* [ABOUT THIS EXERCISE]: Where the line with "interpret A: rloop" appears below, start writing out lines exactly, and finish with the line with "They will turn", which is included; write out nothing else.

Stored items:
________
lemma delete_entry_left_kernel:
  assumes A: "A \<in> carrier_mat (Suc p) n" and k: "k \<le> p"
    and v: "v \<in> left_kernel A" and v_k: "v $ k = 0"
  shows "delete_entry v k \<in> left_kernel (delete_row A k)"
proof -
  have v_car: "v \<in> carrier_vec (Suc p)"
    using v A unfolding left_kernel_iff[OF A] by blast
  have del_A: "delete_row A k \<in> carrier_mat p n"
    using A by simp
  have split: "{..<Suc p} = insert k (insert_index k ` {..<p})"
    using insert_index_image[of k p] k by (auto simp: lessThan_atLeast0)
  have "(\<Sum>i<p. delete_row A k $$ (i, j) * delete_entry v k $ i) = 0" if "j < n" for j
  proof -
    have "(\<Sum>i<p. delete_row A k $$ (i, j) * delete_entry v k $ i)
        = (\<Sum>i\<in>insert_index k ` {..<p}. A $$ (i, j) * v $ i)"
      using A v_car that by (simp add: sum.reindex[OF insert_index_inj_on] delete_row_def delete_entry_def)
    also have "\<dots> = (\<Sum>i<Suc p. A $$ (i, j) * v $ i)"
      unfolding split by (subst sum.insert) (auto simp: v_k insert_index_exclude[symmetric])
    also have "\<dots> = 0"
      using v that unfolding left_kernel_iff[OF A] by blast
    finally show ?thesis .
  qed
  then show ?thesis
    using v_car unfolding left_kernel_iff[OF del_A] by (simp add: delete_entry_def)
qed

lemma smult_one_mat_mult_vec:
  assumes "(v :: 'a::comm_ring_1 vec) \<in> carrier_vec p"
  shows "(a \<cdot>\<^sub>m 1\<^sub>m p) *\<^sub>v v = a \<cdot>\<^sub>v v"
  using assms
  by (intro eq_vecI)
     (auto simp: scalar_prod_def mult.assoc if_distrib[of "\<lambda>x. x * _"] sum_distrib_left[symmetric]
           cong: if_cong)

lemma left_kernel_trivial_if_det_unit:
  assumes B: "B \<in> carrier_mat p p" and unit: "det B * d = 1" and v: "v \<in> left_kernel B"
  shows "v = 0\<^sub>v p"
proof -
  have v_car: "v \<in> carrier_vec p" and Bv: "transpose_mat B *\<^sub>v v = 0\<^sub>v p"
    using v B unfolding left_kernel_def by auto
  have Bt: "transpose_mat B \<in> carrier_mat p p"
    using B by simp
  have "det B \<cdot>\<^sub>v v = (adj_mat (transpose_mat B) * transpose_mat B) *\<^sub>v v"
    unfolding adj_mat(3)[OF Bt] det_transpose[OF B] using v_car by (rule smult_one_mat_mult_vec[symmetric])
  also have "\<dots> = adj_mat (transpose_mat B) *\<^sub>v (transpose_mat B *\<^sub>v v)"
    using adj_mat(1)[OF Bt] Bt v_car by (rule assoc_mult_mat_vec)
  also have "\<dots> = 0\<^sub>v p"
    unfolding Bv using adj_mat(1)[OF Bt] by (intro eq_vecI) auto
  finally have det_v: "det B \<cdot>\<^sub>v v = 0\<^sub>v p" .
  have "v = (d * det B) \<cdot>\<^sub>v v"
    using unit v_car by (simp add: mult.commute)
  also have "\<dots> = d \<cdot>\<^sub>v (det B \<cdot>\<^sub>v v)"
    by (simp add: smult_smult_assoc)
  also have "\<dots> = 0\<^sub>v p"
    unfolding det_v by (intro eq_vecI) simp_all
  finally show ?thesis .
qed

lemma cofactor_last_col_select_cols:
  assumes "\<forall>l<p. f l < dim_col A" and "k < Suc p" and "dim_row A = Suc p"
  shows "cofactor (select_cols A (Suc p) f) k p = (-1) ^ (k + p) * det (select_cols (delete_row A k) p f)"
proof -
  have "mat_delete (select_cols A (Suc p) f) k p = select_cols (delete_row A k) p f"
    using assms
    by (intro eq_matI) (auto simp: mat_delete_def select_cols_def delete_row_def insert_index_def)
  then show ?thesis
    unfolding cofactor_def by simp
qed

lemma cofactor_vec_in_left_kernel:
  assumes A: "A \<in> carrier_mat (Suc p) n"
    and minors: "\<forall>g. (\<forall>l<Suc p. g l < n) \<longrightarrow> det (select_cols A (Suc p) g) = 0"
    and f: "\<forall>l<p. f l < n"
  shows "vec (Suc p) (\<lambda>i. cofactor (select_cols A (Suc p) f) i p) \<in> left_kernel A"
    (is "?w \<in> _")
proof -
  have cof: "cofactor (select_cols A (Suc p) (f(p := j))) i p = cofactor (select_cols A (Suc p) f) i p"
    for i j
  proof -
    have "mat_delete (select_cols A (Suc p) (f(p := j))) i p = mat_delete (select_cols A (Suc p) f) i p"
      by (intro eq_matI) (auto simp: mat_delete_def select_cols_def insert_index_def)
    then show ?thesis
      unfolding cofactor_def by simp
  qed
  have "(\<Sum>i<Suc p. A $$ (i, j) * ?w $ i) = 0" if j: "j < n" for j
  proof -
    have "(\<Sum>i<Suc p. A $$ (i, j) * ?w $ i)
        = (\<Sum>i<Suc p. select_cols A (Suc p) (f(p := j)) $$ (i, p) * cofactor (select_cols A (Suc p) (f(p := j))) i p)"
      using A by (intro sum.cong) (auto simp: cof)
    also have "\<dots> = det (select_cols A (Suc p) (f(p := j)))"
      using A by (intro laplace_expansion_column[symmetric]) auto
    also have "\<dots> = 0"
      using minors f j by (simp add: less_Suc_eq)
    finally show ?thesis .
  qed
  then show ?thesis
    unfolding left_kernel_iff[OF A] by simp
qed

lemma free_rank_one_if_unit_coordinate:
  assumes K: "K \<subseteq> carrier_vec r" and w: "w \<in> K" and k: "k < r" and unit: "w $ k * e = 1"
    and closed: "\<And>v c. v \<in> K \<Longrightarrow> v - c \<cdot>\<^sub>v w \<in> K"
    and coordinate: "\<And>u. u \<in> K \<Longrightarrow> u $ k = 0 \<Longrightarrow> u = 0\<^sub>v r"
  shows "free_rank_one K"
  unfolding free_rank_one_def
proof (intro bexI[OF _ w] ballI ex1I)
  have w_car: "w \<in> carrier_vec r"
    using K w by blast
  fix v assume v: "v \<in> K"
  then have v_car: "v \<in> carrier_vec r"
    using K by blast
  let ?c = "v $ k * e"
  have "(v - ?c \<cdot>\<^sub>v w) $ k = 0"
    using v_car w_car k unit by (simp add: mult.assoc mult.commute[of e])
  then have "v - ?c \<cdot>\<^sub>v w = 0\<^sub>v r"
    using closed[OF v] coordinate by blast
  then show "v = ?c \<cdot>\<^sub>v w"
    using v_car w_car by (intro eq_vecI) (auto simp: vec_eq_iff)
  fix c assume "v = c \<cdot>\<^sub>v w"
  then have "v $ k * e = c * (w $ k * e)"
    using w_car k by (simp add: mult.assoc)
  then show "c = ?c"
    using unit by simp
qed

lemma zero_vec_if_delete_entry_zero:
  assumes u: "u \<in> carrier_vec (Suc p)" and k: "k \<le> p"
    and u_k: "u $ k = 0" and del: "delete_entry u k = 0\<^sub>v p"
  shows "u = 0\<^sub>v (Suc p)"
proof (rule eq_vecI)
  fix i assume "i < dim_vec (0\<^sub>v (Suc p))"
  then have i: "i < Suc p" by simp
  show "u $ i = 0\<^sub>v (Suc p) $ i"
  proof (cases "i = k")
    case False
    then have "delete_index k i < p" and "insert_index k (delete_index k i) = i"
      using i k by (auto simp: delete_index_def insert_delete_index)
    then show ?thesis
      using arg_cong[OF del, of "\<lambda>x. x $ delete_index k i"] u i
      by (simp add: delete_entry_def)
  qed (use u_k i in simp)
qed (use u in simp)
lemma sub_rl:
  assumes "A \<subseteq> S" "e \<in> A" "\<And>x y. x \<in> A \<Longrightarrow> y \<in> A \<Longrightarrow> op x y \<in> A"
    "\<And>a b. a \<in> A \<Longrightarrow> b \<in> A \<Longrightarrow> rdiv b a \<in> A"
  shows "right_loop A op e"
  unfolding right_loop_def
proof (intro conjI ballI)
  fix a b assume a: "a \<in> A" and b: "b \<in> A"
  show "\<exists>!X. X \<in> A \<and> op X a = b"
  proof (rule ex1I[of _ "rdiv b a"])
    show "rdiv b a \<in> A \<and> op (rdiv b a) a = b" using assms(1,4) rdiv(2) a b by blast
    show "X = rdiv b a" if "X \<in> A \<and> op X a = b" for X
      using rdiv_unique that a b assms(1) by auto
  qed
qed (use assms in auto)

lemma sub_rdiv:
  assumes "A \<subseteq> S" "right_loop A op e" "a \<in> A" "b \<in> A"
  shows "rloop.rdiv A op b a = rdiv b a"
proof -
  interpret A: rloop A op e by (rule rloop.intro) (rule assms(2))
  show ?thesis
    using rdiv_unique[of a b "A.rdiv b a"] A.rdiv[OF assms(3,4)] assms(1,3,4) by auto
qed

section \<open>Central elements\<close>

text \<open>The elements that commute with all elements and associate in every position.
  They will turn out to form the center of \<open>S\<close>; on them \<open>S\<close> behaves like an abelian group.\<close>

definition Cen :: "'a set" where
  "Cen = {c \<in> S. \<forall>x\<in>S. \<forall>y\<in>S. op c x = op x c \<and> op (op c x) y = op c (op x y)
     \<and> op (op x c) y = op x (op c y) \<and> op (op x y) c = op x (op y c)}"

lemma CenD: assumes "c \<in> Cen" "x \<in> S" "y \<in> S"
  shows "c \<in> S" "op c x = op x c" "op (op c x) y = op c (op x y)"
     "op (op x c) y = op x (op c y)" "op (op x y) c = op x (op y c)"
  using assms by (auto simp: Cen_def)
________
* [FINISHED TASK]:
  interpret A: rloop A op e by (rule rloop.intro) (rule assms(2))
  show ?thesis
    using rdiv_unique[of a b "A.rdiv b a"] A.rdiv[OF assms(3,4)] assms(1,3,4) by auto
qed

section \<open>Central elements\<close>

text \<open>The elements that commute with all elements and associate in every position.
  They will turn out to form the center of \<open>S\<close>; on them \<open>S\<close> behaves like an abelian group.\<close>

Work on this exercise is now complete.